Obviously, I am not talking the kind of dark alleys between buildings, although I am talking about places where you could get mugged. A dark alley is any part of a software creation, deployment, or support process where the total number of people who control the code drops to a very low number. An example would be a distribution process that at some point gives one unsupervised person authority to package and distribute an entire software release. Dark alleys do not just present opportunities to get mugged. They actively attract muggers by presenting tempting targets where they could deceive, bribe, or coerce their way into an otherwise sound process.
Using a different terminology, a dark alley is a single point of security failure — that is, a location in the software process at which the actions by a single person could seriously undermine overall security.
The largest single source of dark alleys in military software, networks, and facilities is the use of proprietary software products developed by international firms. The difficulty in such cases is not the use of international development per se, but the fact that for-profit software companies often create and use dark alleys intentionally as a way to keep their software secret and reduce the risk of piracy. It is the combination of global development and excessive use of dark alleys to reduce piracy that can lead to serious security issues. The threat could in principle be minimized by introducing U.S-oriented security procedures into the offshore facilities of the software vendors, but this would almost never be acceptable to vendors whose international buyers would object strongly to such U.S.-centric oversight.
5. Use bright alleys (wikis) to increase security when you partner with others.
As its name indicates, a bright alley is the opposite of a dark alley. That is, it is a process path that has been set up with incentives to encourage active participation by as many interested and knowledgeable people as possible. The free on-line Wikipedia encyclopedia is an example of a global project that makes unrelentingly use of bright alleys, since in the Wikipedia process every article is subject not just to the scrutiny of a global readership, but to direct editing by every member of that community. Wiki is the generic term for a collaborative process that actively encourages scrutiny and review of the products it develops. When a wiki-like process is applied to the creation of software, the result is FOSS software (e.g., Linux). FOSS preceded wikis, however, so FOSS projects tend to use a slightly different terminology and approach.
The critical factor that keeps the wikis from turning into random noise generators is their high-visibility approach to configuration management. Wikis provide permanent, fully visible tracking of all changes made to them, and make it very easy to undo a change that any other participant judges to be vandalism. Thus while it is true that anyone can change the contents of a wiki, the quality of the change and the way it was done immediately becomes part of a highly visible and permanent public record. This visibility strongly discourages most users from making casual or poorly thought out changes.

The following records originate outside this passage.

lemma is_path_hd_eq_last: "is_path V E xs \<Longrightarrow> hd xs = last xs \<Longrightarrow> length xs = 1"
  unfolding is_path_iff by (cases xs) (auto split: if_splits)

lemma is_path_take: "is_path V E xs \<Longrightarrow> 0 < n \<Longrightarrow> is_path V E (take n xs)"
  unfolding is_path_iff
  by (metis append_take_drop_id successively_append_iff set_take_subset distinct_take
       order_trans take_eq_Nil not_gr0)

lemma successively_edge_leaving:
  assumes "successively E ws" "ws \<noteq> []" "hd ws \<in> S" "last ws \<notin> S"
  shows "\<exists>x\<in>S. \<exists>y. y \<notin> S \<and> E x y"
  using assms
proof (induction ws rule: induct_list012)
  case (3 a b ws)
  then show ?case by (cases "b \<in> S") auto
qed auto

definition posa_rotation :: "nat \<Rightarrow> 'a list \<Rightarrow> 'a list" where
  "posa_rotation j xs = rev (take j xs) @ drop j xs"

lemma length_posa_rotation [simp]: "length (posa_rotation j xs) = length xs"
  unfolding posa_rotation_def by simp

lemma set_posa_rotation [simp]: "set (posa_rotation j xs) = set xs"
  unfolding posa_rotation_def by (metis append_take_drop_id set_append set_rev)

lemma hd_posa_rotation: "0 < j \<Longrightarrow> j \<le> length xs \<Longrightarrow> hd (posa_rotation j xs) = xs ! (j - 1)"
  unfolding posa_rotation_def by (auto simp: hd_append hd_rev last_conv_nth min_def)

lemma last_posa_rotation: "j < length xs \<Longrightarrow> last (posa_rotation j xs) = last xs"
  unfolding posa_rotation_def by simp

definition is_longest_path :: "'a set \<Rightarrow> ('a \<Rightarrow> 'a \<Rightarrow> bool) \<Rightarrow> 'a list \<Rightarrow> bool" where
  "is_longest_path V E xs \<longleftrightarrow> is_path V E xs \<and> (\<forall>ys. is_path V E ys \<longrightarrow> length ys \<le> length xs)"

lemma is_longest_path_length_eq:
  "is_longest_path V E xs \<Longrightarrow> is_longest_path V E ys \<Longrightarrow> length ys = length xs"
  unfolding is_longest_path_def by (simp add: le_antisym)

lemma degree_le_card_if_neighbours_in_image:
  "{u \<in> V. E v u} \<subseteq> f ` A \<Longrightarrow> finite A \<Longrightarrow> degree V E v \<le> card A"
  unfolding degree_def by (meson card_image_le card_mono finite_imageI order_trans)

context
  fixes V :: "'a set" and E :: "'a \<Rightarrow> 'a \<Rightarrow> bool"
  assumes graph: "simple_graph V E"
begin

lemma edge_sym: "E u v \<Longrightarrow> E v u"
  using graph unfolding simple_graph_def by blast

lemma edge_irrefl: "\<not> E u u"
  using graph unfolding simple_graph_def by blast

lemma edge_in_V: "E u v \<Longrightarrow> u \<in> V \<and> v \<in> V"
  using graph unfolding simple_graph_def by blast

lemma is_path_rev: "is_path V E xs \<Longrightarrow> is_path V E (rev xs)"
  unfolding is_path_iff by (auto elim: successively_mono intro: edge_sym)

lemma length_le_card_if_is_path: "is_path V E xs \<Longrightarrow> length xs \<le> card V"
  using graph unfolding is_path_iff simple_graph_def by (metis card_mono distinct_card)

Even more important is the way wikis encourage participation by subject matter experts. Most such experts are first attracted to wikis because they can quickly and easily repair bad or incomplete entries related to their areas of expertise. Once they have made such changes, there is a strong tendency for them to join with other similar participants in monitoring that part of the wiki to make sure their contributions are not lost or damaged.
It is this tendency of wikis to encourage active monitoring by subject matter experts that makes them “bright” as opposed to simply “clear.” That is, wikis do not simply make the process visible. By providing an incentive for subject matter experts to continue monitoring a site once they have made a change, wikis actively attract the attention and participation of the people best qualified to make accurate and timely corrections. It is this ability that helps explain how the wiki-like processes used to create FOSS can be so unexpectedly effective at finding and correcting programming errors.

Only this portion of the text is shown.